WHAT IS EXPECTED = In the records below, begin at the line that has "2)) has_real_derivative (1" and stop after the line that has "1)\<^sup>2 * (N - 1)) \<le>"; quote those lines verbatim and nothing more.

Stored items =
---+---
(* For $F\in(0,1]$, $k\in(0,1)$, real $d\ge 2$ and integer $n\ge 1$, let $G=k^{n-1}F$ and $$C_{\mathrm{dp}}(F,d,n,k)=\frac{(1-G)\,(4^{nd}G+2^{nd}-2)}{\big[(2^{nd}-2)G+1\big](2^{nd}-1)}.$$ If $F>2^{-d}$ and $k>2^{-d}$, then, for every $n\ge1$, $C_{\mathrm{dp}}$ is monotonically non-increasing as each of $F$, $d$ and $k$ increases (the other variables held fixed), i.e. $\partial_F C_{\mathrm{dp}}\le 0$, $\partial_d C_{\mathrm{dp}}\le 0$ and $\partial_k C_{\mathrm{dp}}\le 0$ at every such point.
   Context: Interpretation: for integers $d,n$, $C_{\mathrm{dp}}(F,d,n,k)$ equals $\sum_s\frac{4\lambda^+_s\lambda^-_s}{\lambda^+_s+\lambda^-_s}$ computed from the eigenvalues of the $nd$-qubit depolarized GHZ state $G|\mathrm{GHZ}_{nd}\rangle\langle\mathrm{GHZ}_{nd}|+\frac{1-G}{2^{nd}-1}(I-|\mathrm{GHZ}_{nd}\rangle\langle\mathrm{GHZ}_{nd}|)$ in the GHZ basis $|G^\pm_s\rangle=(|s\rangle\pm|\bar s\rangle)/\sqrt2$ (sum over one representative $s$ of each complementary pair of bit strings), i.e. a state whose fidelity $k^{n-1}F$ models imperfect local extension of a $d$-qubit GHZ state of fidelity $F$ to $n$ qubits per node with per-step quality $k$. *)

theory Defs
  imports "HOL-Analysis.Analysis"
begin

definition Cdp :: "real \<Rightarrow> real \<Rightarrow> nat \<Rightarrow> real \<Rightarrow> real" where
  "Cdp F d n k =
     (let G = k ^ (n - 1) * F; N = 2 powr (real n * d) in
       (1 - G) * (4 powr (real n * d) * G + N - 2) / (((N - 2) * G + 1) * (N - 1)))"

end

theory Submission
  imports Defs
begin

text \<open>\<open>Cdp F d n k\<close> depends on \<open>F\<close>, \<open>d\<close>, \<open>k\<close> only through \<open>N = 2^(nd)\<close> and \<open>G = k^(n-1) F\<close>,
  each non-decreasing in its variable. Both partial derivatives of the resulting rational
  function of \<open>N\<close> and \<open>G\<close> carry the factor \<open>1 - N G\<close>, with the remaining factors nonnegative
  for \<open>N > 2\<close> and \<open>0 \<le> G \<le> 1\<close>; and \<open>F, k > 2^(-d)\<close> force \<open>N G > 2^(nd) 2^(-nd) = 1\<close>.\<close>

definition Cdp_NG :: "real \<Rightarrow> real \<Rightarrow> real" where
  "Cdp_NG N G = (1 - G) * (N\<^sup>2 * G + N - 2) / (((N - 2) * G + 1) * (N - 1))"

lemma Cdp_eq_Cdp_NG: "Cdp F d n k = Cdp_NG (2 powr (real n * d)) (k ^ (n - 1) * F)"
proof -
  have "(4::real) powr (real n * d) = (2 powr (real n * d))\<^sup>2"
    using powr_mult[of 2 2 "real n * d"] by (simp add: power2_eq_square)
  then show ?thesis by (simp add: Cdp_def Cdp_NG_def Let_def)
qed

lemma DERIV_Cdp_NG_G:
  assumes "(N - 2) * G + 1 \<noteq> 0" "N \<noteq> 1"
  shows "(Cdp_NG N has_real_derivative
     (1 - N * G) * (3 * N - 2 + N * (N - 2) * G) / (((N - 2) * G + 1)\<^sup>2 * (N - 1))) (at G)"
proof -
  have num: "((1 - G) * N\<^sup>2 - (N\<^sup>2 * G + N - 2)) * (((N - 2) * G + 1) * (N - 1))
        - (1 - G) * (N\<^sup>2 * G + N - 2) * ((N - 2) * (N - 1))
      = (N - 1) * ((1 - N * G) * (3 * N - 2 + N * (N - 2) * G))"
    by (simp add: algebra_simps power2_eq_square)
  have den: "(((N - 2) * G + 1) * (N - 1)) * (((N - 2) * G + 1) * (N - 1))
      = (N - 1) * (((N - 2) * G + 1)\<^sup>2 * (N - 1))"
    by (simp add: power2_eq_square)
  have "((\<lambda>G. (1 - G) * (N\<^sup>2 * G + N - 2)) has_real_derivative
      (1 - G) * N\<^sup>2 - (N\<^sup>2 * G + N - 2)) (at G)"
       "((\<lambda>G. ((N - 2) * G + 1) * (N - 1)) has_real_derivative (N - 2) * (N - 1)) (at G)"
    by (auto intro!: derivative_eq_intros)
  from DERIV_divide[OF this] show ?thesis
    unfolding Cdp_NG_def[abs_def] num den using assms by simp
qed

lemma DERIV_Cdp_NG_N:
  assumes "(N - 2) * G + 1 \<noteq> 0" "N \<noteq> 1"
  shows "((\<lambda>N. Cdp_NG N G) has_real_derivative
     (1 - G) * (1 - N * G) * (1 + (3 * N - 4) * G) / (((N - 2) * G + 1) * (N - 1))\<^sup>2) (at N)"
proof -
  have num: "(1 - G) * (2 * N * G + 1) * (((N - 2) * G + 1) * (N - 1))
        - (1 - G) * (N\<^sup>2 * G + N - 2) * (G * (N - 1) + ((N - 2) * G + 1))
      = (1 - G) * (1 - N * G) * (1 + (3 * N - 4) * G)"
    by (simp add: algebra_simps power2_eq_square)
  have "((\<lambda>N. (1 - G) * (N\<^sup>2 * G + N - 2)) has_real_derivative (1 - G) * (2 * N * G + 1)) (at N)"
       "((\<lambda>N. ((N - 2) * G + 1) * (N - 1)) has_real_derivative G * (N - 1) + ((N - 2) * G + 1))
         (at N)"
    by (auto intro!: derivative_eq_intros)
  from DERIV_divide[OF this] show ?thesis
    unfolding Cdp_NG_def num power2_eq_square[of "((N - 2) * G + 1) * (N - 1)"] using assms
    by simp
qed

lemma Cdp_NG_nonincreasing_G:
  assumes "N > 2" "G \<ge> 0" "N * G \<ge> 1"
  shows "\<exists>D. (Cdp_NG N has_real_derivative D) (at G) \<and> D \<le> 0"
proof (intro exI conjI)
  have pos: "(N - 2) * G + 1 > 0" using assms by (intro add_nonneg_pos mult_nonneg_nonneg) auto
  then show "(Cdp_NG N has_real_derivative
     (1 - N * G) * (3 * N - 2 + N * (N - 2) * G) / (((N - 2) * G + 1)\<^sup>2 * (N - 1))) (at G)"
    using assms by (intro DERIV_Cdp_NG_G) auto
  show "(1 - N * G) * (3 * N - 2 + N * (N - 2) * G) / (((N - 2) * G + 1)\<^sup>2 * (N - 1)) \<le> 0"
    using assms pos
    by (intro divide_nonpos_nonneg mult_nonpos_nonneg) (auto intro!: add_nonneg_nonneg)
qed

lemma Cdp_NG_nonincreasing_N:
  assumes "N > 2" "0 \<le> G" "G \<le> 1" "N * G \<ge> 1"
  shows "\<exists>D. ((\<lambda>N. Cdp_NG N G) has_real_derivative D) (at N) \<and> D \<le> 0"
proof (intro exI conjI)
  have "(N - 2) * G + 1 > 0" using assms by (intro add_nonneg_pos mult_nonneg_nonneg) auto
  then show "((\<lambda>N. Cdp_NG N G) has_real_derivative
     (1 - G) * (1 - N * G) * (1 + (3 * N - 4) * G) / (((N - 2) * G + 1) * (N - 1))\<^sup>2) (at N)"
    using assms by (intro DERIV_Cdp_NG_N) auto
  show "(1 - G) * (1 - N * G) * (1 + (3 * N - 4) * G) / (((N - 2) * G + 1) * (N - 1))\<^sup>2 \<le> 0"
    using assms
    by (intro divide_nonpos_nonneg mult_nonneg_nonpos2 mult_nonneg_nonpos) auto
qed

lemma DERIV_nonpos_chain:
  assumes "(f has_real_derivative D) (at (g x))" "D \<le> 0"
    and "(g has_real_derivative E) (at x)" "0 \<le> E"
  shows "\<exists>D'. ((\<lambda>y. f (g y)) has_real_derivative D') (at x) \<and> D' \<le> 0"
  using DERIV_chain2[OF assms(1,3)] assms(2,4) mult_nonpos_nonneg by blast

lemma powr_mult_pow_gt_one:
  fixes F d k :: real and n :: nat
  assumes "n \<ge> 1" "F > 2 powr (- d)" "k > 2 powr (- d)"
  shows "2 powr (real n * d) * (k ^ (n - 1) * F) > 1"
proof -
  have "(2 powr (- d)) ^ (n - 1) * 2 powr (- d) < k ^ (n - 1) * F"
    using assms by (intro mult_le_less_imp_less power_mono) auto
  moreover have "(2 powr (- d)) ^ (n - 1) * 2 powr (- d) = 2 powr (- (real n * d))"
    using assms(1)
    by (simp add: powr_realpow[symmetric] powr_powr powr_add[symmetric] algebra_simps)
  ultimately have
    "2 powr (real n * d) * 2 powr (- (real n * d)) < 2 powr (real n * d) * (k ^ (n - 1) * F)"
    by simp
  then show ?thesis by (simp add: powr_add[symmetric])
qed

theorem proposition3:
  fixes F d k :: real and n :: nat
  assumes "0 < F" "F \<le> 1" "0 < k" "k < 1" "2 \<le> d" "1 \<le> n"
    and "F > 2 powr (- d)" "k > 2 powr (- d)"
  shows "(\<exists>D. ((\<lambda>x. Cdp x d n k) has_real_derivative D) (at F) \<and> D \<le> 0)
       \<and> (\<exists>D. ((\<lambda>x. Cdp F x n k) has_real_derivative D) (at d) \<and> D \<le> 0)
       \<and> (\<exists>D. ((\<lambda>x. Cdp F d n x) has_real_derivative D) (at k) \<and> D \<le> 0)"
proof -
  define N where "N = 2 powr (real n * d)"
  define G where "G = k ^ (n - 1) * F"
  have "2 \<le> real n * d" using assms(5,6) mult_mono[of 1 "real n" 2 d] by simp
  then have "N > 2" unfolding N_def using powr_mono[of 2 "real n * d" 2] by simp
  moreover have "0 \<le> G" "G \<le> 1"
    unfolding G_def using assms(1-4) by (simp_all add: mult_le_one power_le_one)
  moreover have "N * G \<ge> 1"
    unfolding N_def G_def using powr_mult_pow_gt_one[OF assms(6-8)] by simp
  ultimately obtain DG DN where
    DG: "(Cdp_NG N has_real_derivative DG) (at G)" "DG \<le> 0" and
    DN: "((\<lambda>N. Cdp_NG N G) has_real_derivative DN) (at N)" "DN \<le> 0"
    using Cdp_NG_nonincreasing_G Cdp_NG_nonincreasing_N by meson
  have dF: "((\<lambda>x. k ^ (n - 1) * x) has_real_derivative k ^ (n - 1)) (at F)"
    and dd: "((\<lambda>x. 2 powr (real n * x)) has_real_derivative N * (ln 2 * real n)) (at d)"
    and dk: "((\<lambda>x. x ^ (n - 1) * F) has_real_derivative real (n - 1) * k ^ (n - 2) * F) (at k)"
    unfolding N_def by (auto intro!: derivative_eq_intros simp: numeral_2_eq_2)
  have F_case:
    "\<exists>D. ((\<lambda>x. Cdp_NG N (k ^ (n - 1) * x)) has_real_derivative D) (at F) \<and> D \<le> 0"
    using DG assms(3) by (intro DERIV_nonpos_chain[OF _ _ dF]) (auto simp: G_def)
  have d_case:
    "\<exists>D. ((\<lambda>x. Cdp_NG (2 powr (real n * x)) G) has_real_derivative D) (at d) \<and> D \<le> 0"
    using DN \<open>N > 2\<close> by (intro DERIV_nonpos_chain[OF _ _ dd]) (auto simp: N_def)
  have k_case:
    "\<exists>D. ((\<lambda>x. Cdp_NG N (x ^ (n - 1) * F)) has_real_derivative D) (at k) \<and> D \<le> 0"
    using DG assms(1,3) by (intro DERIV_nonpos_chain[OF _ _ dk]) (auto simp: G_def)
  show ?thesis
    using F_case d_case k_case unfolding Cdp_eq_Cdp_NG N_def G_def by (intro conjI)
qed

end
(* Let $B$ be a minimum-weight basis of the weighted uncertainty matroid $\mathcal{M}=(E,\mathcal{I},A,w)$ and let $Q$ be a certificate that verifies $B$. Let $e\notin B$ and $e'\in B$ with $L_e=L_{e'}=w_e=w_{e'}$ be such that $e'\in C_e$, where $C_e$ is the fundamental circuit of $e$ with respect to $B$. Then $Q'=(Q\setminus\{e'\})\cup\{e\}$ is a certificate that verifies $B'=(B\cup\{e\})\setminus\{e'\}$.
   Context: A weighted uncertainty matroid $\mathcal{M}=(E,\mathcal{I},A,w)$ consists of a matroid $M=(E,\mathcal{I})$ on a finite set $E$, for each $e\in E$ a non-empty finite union $A_e$ of bounded real intervals (each open or closed), and a weight $w_e\in A_e$. Let $L_e=\inf A_e$, $U_e=\sup A_e$. A minimum-weight basis is a basis of $M$ minimizing the sum of weights. A weight assignment is $w^*:E\to\mathbb{R}$ with $w^*_e\in A_e$, consistent with $Q$ if $w^*_e=w_e$ for $e\in Q$. $Q$ verifies a basis $B$ (is a certificate for $B$) if for every weight assignment consistent with $Q$, $B$ is a minimum-weight basis with respect to it. For a basis $B$ and $f\notin B$, the fundamental circuit of $f$ is the unique circuit contained in $B\cup\{f\}$. *)

theory Defs
  imports Complex_Main
begin

definition matroid :: "'a set \<Rightarrow> ('a set \<Rightarrow> bool) \<Rightarrow> bool" where
  "matroid E indep \<longleftrightarrow>
     finite E \<and>
     indep {} \<and>
     (\<forall>X. indep X \<longrightarrow> X \<subseteq> E) \<and>
     (\<forall>X Y. indep X \<and> Y \<subseteq> X \<longrightarrow> indep Y) \<and>
     (\<forall>X Y. indep X \<and> indep Y \<and> card X < card Y \<longrightarrow> (\<exists>y\<in>Y - X. indep (insert y X)))"

definition basis :: "'a set \<Rightarrow> ('a set \<Rightarrow> bool) \<Rightarrow> 'a set \<Rightarrow> bool" where
  "basis E indep B \<longleftrightarrow> B \<subseteq> E \<and> indep B \<and> (\<forall>X. X \<subseteq> E \<and> indep X \<and> B \<subseteq> X \<longrightarrow> X = B)"

definition circuit :: "'a set \<Rightarrow> ('a set \<Rightarrow> bool) \<Rightarrow> 'a set \<Rightarrow> bool" where
  "circuit E indep C \<longleftrightarrow> C \<subseteq> E \<and> \<not> indep C \<and> (\<forall>X. X \<subset> C \<longrightarrow> indep X)"

definition fund_circuit :: "'a set \<Rightarrow> ('a set \<Rightarrow> bool) \<Rightarrow> 'a set \<Rightarrow> 'a \<Rightarrow> 'a set" where
  "fund_circuit E indep B f = (THE C. circuit E indep C \<and> C \<subseteq> insert f B)"

definition oc_interval :: "real set \<Rightarrow> bool" where
  "oc_interval I \<longleftrightarrow> (\<exists>a b. a \<le> b \<and> (I = {a..b} \<or> I = {a<..<b}))"

definition uncertainty_area :: "real set \<Rightarrow> bool" where
  "uncertainty_area S \<longleftrightarrow> S \<noteq> {} \<and> (\<exists>\<I>. finite \<I> \<and> (\<forall>I\<in>\<I>. oc_interval I) \<and> S = \<Union>\<I>)"

definition weighted_uncertainty_matroid ::
  "'a set \<Rightarrow> ('a set \<Rightarrow> bool) \<Rightarrow> ('a \<Rightarrow> real set) \<Rightarrow> ('a \<Rightarrow> real) \<Rightarrow> bool" where
  "weighted_uncertainty_matroid E indep A w \<longleftrightarrow>
     matroid E indep \<and> (\<forall>e\<in>E. uncertainty_area (A e) \<and> w e \<in> A e)"

definition lower :: "('a \<Rightarrow> real set) \<Rightarrow> 'a \<Rightarrow> real" where
  "lower A e = Inf (A e)"

definition upper :: "('a \<Rightarrow> real set) \<Rightarrow> 'a \<Rightarrow> real" where
  "upper A e = Sup (A e)"

definition min_weight_basis :: "'a set \<Rightarrow> ('a set \<Rightarrow> bool) \<Rightarrow> ('a \<Rightarrow> real) \<Rightarrow> 'a set \<Rightarrow> bool" where
  "min_weight_basis E indep w B \<longleftrightarrow>
     basis E indep B \<and> (\<forall>B'. basis E indep B' \<longrightarrow> sum w B \<le> sum w B')"

definition consistent_assignment ::
  "'a set \<Rightarrow> ('a \<Rightarrow> real set) \<Rightarrow> ('a \<Rightarrow> real) \<Rightarrow> 'a set \<Rightarrow> ('a \<Rightarrow> real) \<Rightarrow> bool" where
  "consistent_assignment E A w Q w' \<longleftrightarrow> (\<forall>e\<in>E. w' e \<in> A e) \<and> (\<forall>e\<in>Q \<inter> E. w' e = w e)"

definition verifies ::
  "'a set \<Rightarrow> ('a set \<Rightarrow> bool) \<Rightarrow> ('a \<Rightarrow> real set) \<Rightarrow> ('a \<Rightarrow> real) \<Rightarrow> 'a set \<Rightarrow> 'a set \<Rightarrow> bool" where
  "verifies E indep A w Q B \<longleftrightarrow>
     (\<forall>w'. consistent_assignment E A w Q w' \<longrightarrow> min_weight_basis E indep w' B)"

end

theory Submission
  imports Defs
begin

(* Exchanging e' for e along the fundamental circuit of e turns B into a basis B'. Given weights ws
   consistent with Q', resetting the weight of e' to w e' gives weights v consistent with Q, so B is
   a minimum-weight basis for v. Since w e' is the lower limit of e', v is pointwise below ws, and
   since ws e = w e = w e', the bases B' under ws and B under v have the same weight. Hence
   ws(B') = v(B) <= v(B'') <= ws(B'') for every basis B''. *)

lemma matroid_finite: "matroid E indep \<Longrightarrow> finite E"
  unfolding matroid_def by blast

lemma matroid_indep_subset_ground: "matroid E indep \<Longrightarrow> indep X \<Longrightarrow> X \<subseteq> E"
  unfolding matroid_def by blast

lemma matroid_indep_subset: "matroid E indep \<Longrightarrow> indep X \<Longrightarrow> Y \<subseteq> X \<Longrightarrow> indep Y"
  unfolding matroid_def by blast

lemma matroid_augment:
  "matroid E indep \<Longrightarrow> indep X \<Longrightarrow> indep Y \<Longrightarrow> card X < card Y \<Longrightarrow> \<exists>y\<in>Y - X. indep (insert y X)"
  unfolding matroid_def by blast

lemma matroid_indep_finite: "matroid E indep \<Longrightarrow> indep X \<Longrightarrow> finite X"
  using matroid_finite matroid_indep_subset_ground finite_subset by metis

lemma dependent_contains_circuit:
  assumes m: "matroid E indep" and "D \<subseteq> E" and "\<not> indep D"
  shows "\<exists>C\<subseteq>D. circuit E indep C"
proof -
  have "finite D" using assms(2) matroid_finite[OF m] finite_subset by blast
  then show ?thesis using assms(2,3)
  proof (induction D rule: finite_psubset_induct)
    case (psubset D)
    show ?case
    proof (cases "\<forall>X. X \<subset> D \<longrightarrow> indep X")
      case True
      then have "circuit E indep D" using psubset.prems unfolding circuit_def by blast
      then show ?thesis by blast
    next
      case False
      then obtain X where "X \<subset> D" "\<not> indep X" by blast
      with psubset.IH psubset.prems(1) show ?thesis by (meson dual_order.trans less_imp_le)
    qed
  qed
qed

lemma indep_extend_within:
  assumes m: "matroid E indep" and "indep X" "X \<subseteq> S" and "indep Y" "Y \<subseteq> S"
  shows "\<exists>M. X \<subseteq> M \<and> M \<subseteq> S \<and> indep M \<and> card Y \<le> card M"
  using assms(2,3)
proof (induction "card Y - card X" arbitrary: X rule: less_induct)
  case less
  show ?case
  proof (cases "card Y \<le> card X")
    case True
    then show ?thesis using less.prems by blast
  next
    case False
    then obtain y where y: "y \<in> Y - X" "indep (insert y X)"
      using matroid_augment[OF m less.prems(1) \<open>indep Y\<close>] by auto
    have "card (insert y X) = Suc (card X)"
      using y(1) matroid_indep_finite[OF m less.prems(1)] by simp
    then have "card Y - card (insert y X) < card Y - card X" using False by simp
    moreover have "insert y X \<subseteq> S" using y(1) less.prems(2) \<open>Y \<subseteq> S\<close> by blast
    ultimately show ?thesis using less.hyps[OF _ y(2)] by blast
  qed
qed

lemma basis_card_ge_indep:
  assumes m: "matroid E indep" and b: "basis E indep B" and "indep X"
  shows "card X \<le> card B"
proof (rule ccontr)
  assume "\<not> card X \<le> card B"
  moreover have "indep B" using b unfolding basis_def by blast
  ultimately obtain y where y: "y \<in> X - B" "indep (insert y B)"
    using matroid_augment[OF m _ \<open>indep X\<close>] by force
  have "insert y B \<subseteq> E" using matroid_indep_subset_ground[OF m y(2)] .
  then have "insert y B = B" using b y(2) unfolding basis_def by blast
  then show False using y(1) by blast
qed

lemma indep_card_eq_basis:
  assumes m: "matroid E indep" and b: "basis E indep B" and "indep X" "card X = card B"
  shows "basis E indep X"
  unfolding basis_def
proof (intro conjI allI impI)
  show "X \<subseteq> E" using matroid_indep_subset_ground[OF m \<open>indep X\<close>] .
  fix Y assume Y: "Y \<subseteq> E \<and> indep Y \<and> X \<subseteq> Y"
  then have "finite Y" "card Y \<le> card X"
    using matroid_indep_finite[OF m] basis_card_ge_indep[OF m b] assms(4) by auto
  then show "Y = X" using card_seteq Y by blast
qed (rule \<open>indep X\<close>)

lemma circuit_in_insert_basis_unique:
  assumes m: "matroid E indep" and b: "basis E indep B" and "e \<notin> B"
    and c1: "circuit E indep C1" "C1 \<subseteq> insert e B"
    and c2: "circuit E indep C2" "C2 \<subseteq> insert e B"
  shows "C1 = C2"
proof (rule ccontr)
  assume "C1 \<noteq> C2"
  have indB: "indep B" using b unfolding basis_def by blast
  have "e \<in> C2"
    using c2 matroid_indep_subset[OF m indB, of C2] unfolding circuit_def by blast
  have "\<not> C1 \<subset> C2" using c1 c2 unfolding circuit_def by blast
  then obtain x where x: "x \<in> C1" "x \<notin> C2" using \<open>C1 \<noteq> C2\<close> by blast
  with \<open>e \<in> C2\<close> c1(2) have "x \<in> B" by blast
  have "indep (C1 - {x})" using c1(1) x(1) unfolding circuit_def by blast
  then obtain M where M: "C1 - {x} \<subseteq> M" "M \<subseteq> insert e B" "indep M" "card B \<le> card M"
    using indep_extend_within[OF m _ _ indB, of "C1 - {x}" "insert e B"] c1(2) by blast
  have "x \<notin> M"
    using M(1,3) c1(1) matroid_indep_subset[OF m M(3), of C1] unfolding circuit_def by blast
  then have sub: "M \<subseteq> insert e B - {x}" using M(2) by blast
  have fin: "finite (insert e B - {x})" using matroid_indep_finite[OF m indB] by simp
  have "card (insert e B - {x}) = card B"
    using \<open>x \<in> B\<close> \<open>e \<notin> B\<close> matroid_indep_finite[OF m indB] by (simp add: card_insert_if)
  then have "M = insert e B - {x}" using card_seteq[OF fin sub] M(4) by simp
  then have "C2 \<subseteq> M" using c2(2) x(2) by blast
  then show False using c2(1) matroid_indep_subset[OF m M(3)] unfolding circuit_def by blast
qed

lemma fund_circuit_eqI:
  assumes "matroid E indep" "basis E indep B" "e \<notin> B" "circuit E indep C" "C \<subseteq> insert e B"
  shows "fund_circuit E indep B e = C"
  unfolding fund_circuit_def
  using assms circuit_in_insert_basis_unique[OF assms(1-3)] by (intro the_equality) blast+

lemma basis_exchange_fund_circuit:
  assumes m: "matroid E indep" and b: "basis E indep B"
    and "e \<in> E" "e \<notin> B" "e' \<in> B" and e': "e' \<in> fund_circuit E indep B e"
  shows "basis E indep (insert e (B - {e'}))"
proof (rule indep_card_eq_basis[OF m b])
  show "indep (insert e (B - {e'}))"
  proof (rule ccontr)
    assume "\<not> indep (insert e (B - {e'}))"
    moreover have "insert e (B - {e'}) \<subseteq> E" using b \<open>e \<in> E\<close> unfolding basis_def by blast
    ultimately obtain C where C: "C \<subseteq> insert e (B - {e'})" "circuit E indep C"
      using dependent_contains_circuit[OF m] by blast
    then have "fund_circuit E indep B e = C"
      using fund_circuit_eqI[OF m b \<open>e \<notin> B\<close>] by blast
    then show False using e' C(1) \<open>e' \<in> B\<close> \<open>e \<notin> B\<close> by blast
  qed
  have "finite B" using b matroid_indep_finite[OF m] unfolding basis_def by blast
  then show "card (insert e (B - {e'})) = card B"
    using \<open>e \<notin> B\<close> \<open>e' \<in> B\<close> by (metis card_Suc_Diff1 card_insert_disjoint finite_Diff Diff_iff)
qed

lemma uncertainty_area_bdd_below:
  assumes "uncertainty_area S"
  shows "bdd_below S"
proof -
  obtain \<I> where "finite \<I>" "\<forall>I\<in>\<I>. oc_interval I" "S = \<Union>\<I>"
    using assms unfolding uncertainty_area_def by blast
  moreover have "bdd_below I" if "oc_interval I" for I
    using that unfolding oc_interval_def by auto
  ultimately show ?thesis using bdd_below_UN[of \<I> "\<lambda>I. I"] by simp
qed

lemma lower_le: "uncertainty_area (A e) \<Longrightarrow> x \<in> A e \<Longrightarrow> lower A e \<le> x"
  unfolding lower_def by (simp add: cInf_lower uncertainty_area_bdd_below)

lemma consistent_assignment_fun_upd:
  assumes "consistent_assignment E A w Q' w'" "Q - {x} \<subseteq> Q'" "w x \<in> A x"
  shows "consistent_assignment E A w Q (w'(x := w x))"
  using assms unfolding consistent_assignment_def by auto

lemma min_weight_basis_mono:
  assumes "min_weight_basis E indep v B" "\<And>x. x \<in> E \<Longrightarrow> v x \<le> v' x"
    and "basis E indep B'" "sum v' B' \<le> sum v B"
  shows "min_weight_basis E indep v' B'"
  unfolding min_weight_basis_def
proof (intro conjI allI impI)
  fix B'' assume b'': "basis E indep B''"
  have "sum v' B' \<le> sum v B" by fact
  also have "\<dots> \<le> sum v B''" using assms(1) b'' unfolding min_weight_basis_def by blast
  also have "\<dots> \<le> sum v' B''" using b'' assms(2) unfolding basis_def by (intro sum_mono) blast
  finally show "sum v' B' \<le> sum v' B''" .
qed fact

theorem lemma11:
  fixes E :: "'a set" and indep :: "'a set \<Rightarrow> bool"
    and A :: "'a \<Rightarrow> real set" and w :: "'a \<Rightarrow> real"
    and B Q :: "'a set" and e e' :: 'a
  assumes "weighted_uncertainty_matroid E indep A w"
    and "min_weight_basis E indep w B"
    and "verifies E indep A w Q B"
    and "e \<in> E" and "e \<notin> B" and "e' \<in> B"
    and "lower A e = lower A e'" and "lower A e' = w e" and "w e = w e'"
    and "e' \<in> fund_circuit E indep B e"
  shows "verifies E indep A w ((Q - {e'}) \<union> {e}) ((B \<union> {e}) - {e'})"
proof -
  have m: "matroid E indep" and area: "\<And>x. x \<in> E \<Longrightarrow> uncertainty_area (A x) \<and> w x \<in> A x"
    using assms(1) unfolding weighted_uncertainty_matroid_def by blast+
  have b: "basis E indep B" using assms(2) unfolding min_weight_basis_def by blast
  have "e' \<in> E" "finite B"
    using b assms(6) matroid_indep_finite[OF m] unfolding basis_def by blast+
  have B': "(B \<union> {e}) - {e'} = insert e (B - {e'})" using assms(5,6) by blast
  show ?thesis unfolding verifies_def B'
  proof (intro allI impI)
    fix ws assume ws: "consistent_assignment E A w ((Q - {e'}) \<union> {e}) ws"
    define v where "v = ws(e' := w e')"
    have "consistent_assignment E A w Q v"
      unfolding v_def by (rule consistent_assignment_fun_upd[OF ws]) (use area \<open>e' \<in> E\<close> in auto)
    then have "min_weight_basis E indep v B" using assms(3) unfolding verifies_def by blast
    moreover have "v x \<le> ws x" if "x \<in> E" for x
      using that ws lower_le[of A e' "ws e'"] area[OF \<open>e' \<in> E\<close>] assms(8,9)
      unfolding v_def consistent_assignment_def by auto
    moreover have "ws e = w e" using ws assms(4) unfolding consistent_assignment_def by blast
    then have "sum ws (insert e (B - {e'})) = sum v B"
      using \<open>finite B\<close> assms(5,6,9) by (simp add: v_def sum.remove)
    ultimately show "min_weight_basis E indep ws (insert e (B - {e'}))"
      using min_weight_basis_mono basis_exchange_fund_circuit[OF m b assms(4,5,6,10)] by fastforce
  qed
qed

end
---+---
WRITTEN SOLUTION =
  have "((\<lambda>N. (1 - G) * (N\<^sup>2 * G + N - 2)) has_real_derivative (1 - G) * (2 * N * G + 1)) (at N)"
       "((\<lambda>N. ((N - 2) * G + 1) * (N - 1)) has_real_derivative G * (N - 1) + ((N - 2) * G + 1))
         (at N)"
    by (auto intro!: derivative_eq_intros)
  from DERIV_divide[OF this] show ?thesis
    unfolding Cdp_NG_def num power2_eq_square[of "((N - 2) * G + 1) * (N - 1)"] using assms
    by simp
qed

lemma Cdp_NG_nonincreasing_G:
  assumes "N > 2" "G \<ge> 0" "N * G \<ge> 1"
  shows "\<exists>D. (Cdp_NG N has_real_derivative D) (at G) \<and> D \<le> 0"
proof (intro exI conjI)
  have pos: "(N - 2) * G + 1 > 0" using assms by (intro add_nonneg_pos mult_nonneg_nonneg) auto
  then show "(Cdp_NG N has_real_derivative
     (1 - N * G) * (3 * N - 2 + N * (N - 2) * G) / (((N - 2) * G + 1)\<^sup>2 * (N - 1))) (at G)"
    using assms by (intro DERIV_Cdp_NG_G) auto
  show "(1 - N * G) * (3 * N - 2 + N * (N - 2) * G) / (((N - 2) * G + 1)\<^sup>2 * (N - 1)) \<le> 0"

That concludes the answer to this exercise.